╭─ THE INPUT
lemma c_in_disk: "c t \<in> disk"
  using geo by (simp add: geodesic_param_def)

lemma s_mono: "i \<le> j \<Longrightarrow> s i \<le> s j"
  using s_strict_mono by (simp add: strict_mono_less_eq)

lemma s_less: "i < j \<Longrightarrow> s i < s j"
  using s_strict_mono by (simp add: strict_mono_less)

lemma exists_time_interval: obtains k where "s k \<le> t" "t < s (k + 1)"
proof -
  obtain i where i: "s i \<le> t"
    using s_at_bot by (metis filterlim_at_bot eventually_at_bot_linorder order_refl)
  obtain j0 where "\<And>k. k \<ge> j0 \<Longrightarrow> t < s k"
    using s_at_top by (auto simp: filterlim_at_top_dense eventually_at_top_linorder)
  hence "t < s (max i j0)" by simp
  thus ?thesis using int_step_cover[where s = s, OF i _ max.cobounded1] that by blast
qed

lemma c_in_tile: "s k \<le> t \<Longrightarrow> t \<le> s (k + 1) \<Longrightarrow> c t \<in> tile a b (G k)"
  using c_tiles[of k] by auto

lemma moeb_tile: "x \<in> Gamma a b \<Longrightarrow> y \<in> Gamma a b \<Longrightarrow> moeb x ` tile a b y = tile a b (mmul x y)"
  using tile_mmul Gamma_su11 by simp

definition pullback :: "mat \<Rightarrow> real \<Rightarrow> complex" where
  "pullback y t = moeb (minv y) (c t)"

lemma c_in_moeb_image_iff:
  assumes y: "y \<in> Gamma a b" and S: "S \<subseteq> disk"
  shows "c t \<in> moeb y ` S \<longleftrightarrow> pullback y t \<in> S"
proof
  assume "c t \<in> moeb y ` S"
  then obtain z where z: "z \<in> S" "c t = moeb y z" by blast
  hence "pullback y t = z" using moeb_minv_moeb[OF Gamma_su11[OF y]] S
    by (auto simp: pullback_def mem_disk_iff)
  thus "pullback y t \<in> S" using z by simp
next
  assume "pullback y t \<in> S"
  moreover have "c t = moeb y (pullback y t)"
    using moeb_moeb_minv[OF Gamma_su11[OF y]] c_in_disk by (simp add: pullback_def mem_disk_iff less_imp_le)
  ultimately show "c t \<in> moeb y ` S" by blast
qed

definition side_fn :: "mat \<Rightarrow> letter \<Rightarrow> real \<Rightarrow> real" where
  "side_fn y l t = hcosh (pullback y t) (image0 l) - hcosh (pullback y t) 0"

lemma side_fn_exp_comb:
  assumes "y \<in> Gamma a b"
  obtains \<alpha> \<beta> where "\<And>t. side_fn y l t = \<alpha> * exp t + \<beta> * exp (-t)"
  using hcosh_diff_along_geodesic[OF geodesic_param_moeb[OF geo su11_minv[OF Gamma_su11[OF assms]]]
      image0_disk zero_in_disk]
  by (auto simp: side_fn_def pullback_def)

lemma c_in_tile_side_fn: "y \<in> Gamma a b \<Longrightarrow> c t \<in> tile a b y \<longleftrightarrow> (\<forall>l. 0 \<le> side_fn y l t)"
  using c_in_moeb_image_iff[OF _ Pdom_subset_disk] moeb_disk[OF su11_minv[OF Gamma_su11] c_in_disk]
  by (auto simp: tile_eq Pdom_def Dopen_def side_fn_def pullback_def not_less)

lemma c_in_bisector_side_fn: "y \<in> Gamma a b \<Longrightarrow> c t \<in> moeb y ` bisector l \<longleftrightarrow> side_fn y l t = 0"
  using c_in_moeb_image_iff[OF _ bisector_subset_disk] moeb_disk[OF su11_minv[OF Gamma_su11] c_in_disk]
  by (auto simp: bisector_def Dopen_def Dcl_def side_fn_def pullback_def)

lemma c_in_tile_between:
  assumes y: "y \<in> Gamma a b" and "t1 \<le> t" "t \<le> t2" "c t1 \<in> tile a b y" "c t2 \<in> tile a b y"
  shows "c t \<in> tile a b y"
proof -
  have "0 \<le> side_fn y l t" for l
  proof -
    obtain \<alpha> \<beta> where "\<And>t. side_fn y l t = \<alpha> * exp t + \<beta> * exp (-t)"
      using side_fn_exp_comb[OF y, where l = l] by blast
    thus ?thesis using exp_comb_nonneg_between[OF assms(2,3)] assms(4,5) c_in_tile_side_fn[OF y] by metis
  qed
  thus ?thesis using c_in_tile_side_fn[OF y] by simp
qed

lemma bisector_of_two_times:
  assumes y: "y \<in> Gamma a b" and "t1 \<noteq> t2"
    and "c t1 \<in> moeb y ` bisector l" "c t2 \<in> moeb y ` bisector l"
  shows "c t \<in> moeb y ` bisector l"
proof -
  obtain \<alpha> \<beta> where f: "\<And>t. side_fn y l t = \<alpha> * exp t + \<beta> * exp (-t)"
    using side_fn_exp_comb[OF y, where l = l] by blast
  hence "\<alpha> = 0 \<and> \<beta> = 0" using exp_comb_two_zeros[OF assms(2)] assms(3,4) c_in_bisector_side_fn[OF y] by metis
  thus ?thesis using f c_in_bisector_side_fn[OF y] by simp
qed

lemma bisector_of_interior_time:
  assumes y: "y \<in> Gamma a b" and "t1 < t" "t < t2" "c t1 \<in> tile a b y" "c t2 \<in> tile a b y"
    and "c t \<in> moeb y ` bisector l"
  shows "c t' \<in> moeb y ` bisector l"
proof -
  obtain \<alpha> \<beta> where f: "\<And>t. side_fn y l t = \<alpha> * exp t + \<beta> * exp (-t)"
    using side_fn_exp_comb[OF y, where l = l] by blast
  hence "\<alpha> = 0 \<and> \<beta> = 0"
    using exp_comb_zero_between[OF assms(2,3)] assms(4-6) c_in_tile_side_fn[OF y] c_in_bisector_side_fn[OF y]
    by metis
  thus ?thesis using f c_in_bisector_side_fn[OF y] by simp
qed

lemma moeb_h_fixes_ends: "moeb h q = q" "moeb h p = p"
  using attractor_q attractor_p moeb_moeb_minv[OF su11_h, of p] by (auto simp: attractor_def)

lemma moeb_h_shift: obtains \<tau> where "\<And>t. moeb h (c t) = c (t + \<tau>)"
  using geodesic_param_same_ends_shift[OF geo] geodesic_param_moeb[OF geo su11_h] moeb_h_fixes_ends
  by metis

lemma bisector_letter_unique:
  assumes x: "x \<in> Gamma a b" and "z \<in> moeb x ` bisector l" "z \<in> moeb x ` bisector l'"
  shows "l = l'"
  using assms moeb_inj_disk[OF Gamma_su11[OF x]] bisector_subset_disk Dcl_disjoint bisector_subset_Dcl
  by (smt (verit) disjoint_iff image_iff subsetD)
╰─
** EXERCISE **
Beginning with the line holding "c_in_bisector_side_fn[OF y] by metis" and ending with the line holding "lemma moeb_h_shift: obtains", write out the stretch of material above exactly; add no further lines.

** TASK ANSWER **
  hence "\<alpha> = 0 \<and> \<beta> = 0" using exp_comb_two_zeros[OF assms(2)] assms(3,4) c_in_bisector_side_fn[OF y] by metis
  thus ?thesis using f c_in_bisector_side_fn[OF y] by simp
qed

lemma bisector_of_interior_time:
  assumes y: "y \<in> Gamma a b" and "t1 < t" "t < t2" "c t1 \<in> tile a b y" "c t2 \<in> tile a b y"
    and "c t \<in> moeb y ` bisector l"
  shows "c t' \<in> moeb y ` bisector l"
proof -
  obtain \<alpha> \<beta> where f: "\<And>t. side_fn y l t = \<alpha> * exp t + \<beta> * exp (-t)"
    using side_fn_exp_comb[OF y, where l = l] by blast
  hence "\<alpha> = 0 \<and> \<beta> = 0"
    using exp_comb_zero_between[OF assms(2,3)] assms(4-6) c_in_tile_side_fn[OF y] c_in_bisector_side_fn[OF y]
    by metis
  thus ?thesis using f c_in_bisector_side_fn[OF y] by simp
qed

lemma moeb_h_fixes_ends: "moeb h q = q" "moeb h p = p"
  using attractor_q attractor_p moeb_moeb_minv[OF su11_h, of p] by (auto simp: attractor_def)

lemma moeb_h_shift: obtains \<tau> where "\<And>t. moeb h (c t) = c (t + \<tau>)"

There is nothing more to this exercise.